We count the number of array element reads and writes. To do bubble sort, you need $1 + 4n$ accesses (the initial write to the end, then, in the worst case, two reads and two writes to do $n$ swaps). To do the binary search, we need $2\log n + 2n + 1$ ($2\log n$ for binary search, then, in the worst case, $2n$ to shift the array elements to the right, then 1 to write the array element to its proper position).
So both methods have the same complexity for array implementations, but the binary search method requires fewer array accesses in the long run... asymptotically, half as many. There are other factors at play, naturally.
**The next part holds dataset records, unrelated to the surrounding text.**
lemma link_imp_connected_within: "(u, v) \<in> link T M \<Longrightarrow> (u, v) \<in> connected_within T M"
  unfolding connected_within_def by (auto simp: link_def)

lemma class_min_connected:
  assumes "finite T" "u \<in> T"
  shows "(u, class_min T M u) \<in> connected_within T M"
proof -
  let ?C = "{v. (u, v) \<in> connected_within T M}"
  have "?C \<subseteq> T"
    unfolding connected_within_def by blast
  moreover have "u \<in> ?C"
    using equiv_class_self[OF equiv_connected_within assms(2)] by (simp add: Image_singleton)
  ultimately have "Min ?C \<in> ?C"
    using assms(1) by (intro Min_in) (auto dest: finite_subset)
  then show ?thesis
    unfolding class_min_def by simp
qed

lemma class_min_in:
  assumes "finite T" "u \<in> T"
  shows "class_min T M u \<in> T"
  using class_min_connected[OF assms] unfolding connected_within_def by blast

lemma class_min_image_subset: "finite T \<Longrightarrow> class_min T M ` T \<subseteq> T"
  using class_min_in by blast

lemma class_min_eq:
  assumes "(u, v) \<in> connected_within T M"
  shows "class_min T M u = class_min T M v"
  using equiv_class_eq[OF equiv_connected_within assms]
  unfolding class_min_def by (simp add: Image_singleton)

lemma class_min_class_min:
  assumes "finite T" "u \<in> T"
  shows "class_min T M (class_min T M u) = class_min T M u"
  using class_min_eq[OF class_min_connected[OF assms]] by simp

lemma finite_edges: "finite T \<Longrightarrow> finite (edges T M)"
  by (rule finite_subset[of _ "(\<lambda>(u, v). {u, v}) ` (T \<times> T)"]) (auto simp: edges_def)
Actually, you could use better implementations and only count actual array accesses (not accesses to the element to be inserted). You could do $2n + 1$ for bubble sort, and $\log n + 2n + 1$ for binary search... so if register/cache access is cheap and array access is expensive, searching from the end and shifting along the way (smarter bubble sort for insertion) could be better, though not asymptotically so.
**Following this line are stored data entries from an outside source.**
definition quot_adj :: "'a set \<Rightarrow> ('a \<Rightarrow> 'a \<Rightarrow> bool) \<Rightarrow> 'a set \<Rightarrow> 'a set \<Rightarrow> bool" where
  "quot_adj V E C D \<longleftrightarrow> C \<noteq> D \<and> (\<exists>u\<in>C. \<exists>v\<in>D. E u v)"

definition quot_deg :: "'a set \<Rightarrow> ('a \<Rightarrow> 'a \<Rightarrow> bool) \<Rightarrow> 'a set \<Rightarrow> nat" where
  "quot_deg V E C = card {D \<in> clique_classes V E. quot_adj V E C D}"

definition quot_edgeless :: "'a set \<Rightarrow> ('a \<Rightarrow> 'a \<Rightarrow> bool) \<Rightarrow> bool" where
  "quot_edgeless V E \<longleftrightarrow> (\<forall>C\<in>clique_classes V E. \<forall>D\<in>clique_classes V E. \<not> quot_adj V E C D)"

text \<open>Maxima over possibly empty index sets are taken with the convention max {} = 0.\<close>
definition tDelta :: "'a set \<Rightarrow> ('a \<Rightarrow> 'a \<Rightarrow> bool) \<Rightarrow> nat" where
  "tDelta V E = Max (insert 0 (quot_deg V E ` clique_classes V E))"

definition tomega :: "'a set \<Rightarrow> ('a \<Rightarrow> 'a \<Rightarrow> bool) \<Rightarrow> nat" where
  "tomega V E = Max (insert 0 {card {C \<in> clique_classes V E. C \<inter> K \<noteq> {}} | K. max_clique V E K})"

definition cideg :: "'a set \<Rightarrow> ('a \<Rightarrow> 'a \<Rightarrow> bool) \<Rightarrow> nat" where
  "cideg V E = Max (insert 0 ((\<lambda>v. card (cliques_at V E v)) ` V))"

end

theory Submission
  imports Defs
begin

text \<open>Vertices of one class lie in the same maximal cliques, so every maximal clique is a union
  of classes, and two classes are adjacent in the quotient graph exactly when they are completely
  joined in G.

  (1) A maximal clique K meeting two classes has a vertex x that lies in a second maximal clique,
  so x has a neighbour w outside K; the class of x is adjacent to every other class meeting K and
  to the class of w.

  (2) A maximal clique through v is the class C of v together with the neighbouring classes of C
  that it contains, and these form a maximal clique of the quotient graph restricted to the
  neighbours of C.  So the maximal cliques through v are at most as many as the maximal cliques of
  a graph on at most tDelta vertices, which by Moon and Moser are at most 3 powr (tDelta / 3).

  (3) Every neighbouring class of C meets some maximal clique through v, and each of these meets
  at most tomega - 1 classes besides C.\<close>

section \<open>Maximal cliques\<close>

lemma finite_max_cliques: "finite N \<Longrightarrow> finite {K. max_clique N R K}"
  by (rule finite_subset[of _ "Pow N"]) (auto simp: max_clique_def is_clique_def)

lemma max_clique_subset: "max_clique N R K \<Longrightarrow> K \<subseteq> N"
  by (simp add: max_clique_def is_clique_def)

lemma max_clique_edge: "max_clique N R K \<Longrightarrow> x \<in> K \<Longrightarrow> y \<in> K \<Longrightarrow> x \<noteq> y \<Longrightarrow> R x y"
  by (simp add: max_clique_def is_clique_def)

lemma max_clique_exists:
  assumes "finite N" "is_clique N R S"
  shows "\<exists>K. max_clique N R K \<and> S \<subseteq> K"
proof -
  let ?F = "{K. is_clique N R K \<and> S \<subseteq> K}"
  have "finite ?F"
    by (rule finite_subset[of _ "Pow N"]) (auto simp: is_clique_def \<open>finite N\<close>)
  moreover have "S \<in> ?F"
    using assms by simp
  ultimately obtain K where "K \<in> ?F" "\<forall>K'\<in>?F. K \<subseteq> K' \<longrightarrow> K = K'"
    by (meson finite_has_maximal2)
  then show ?thesis
    unfolding max_clique_def by blast
qed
A better solution might involve using a different data structure. Arrays give you O(1) accesses (random access), but insertions and deletions might cost. A hash table could have O(1) insertions & deletions, accesses would cost. Other options include BSTs and heaps, etc. It could be worth considering your application's usage needs for insertion, deletion and access, and choose a more specialized structure.
Note also that if you want to add $m$ elements to a sorted array of $n$ elements, a good idea might be to efficiently sort the $m$ items, then merge the two arrays; also, sorted arrays can be built efficiently using e.g. heaps (heap sort).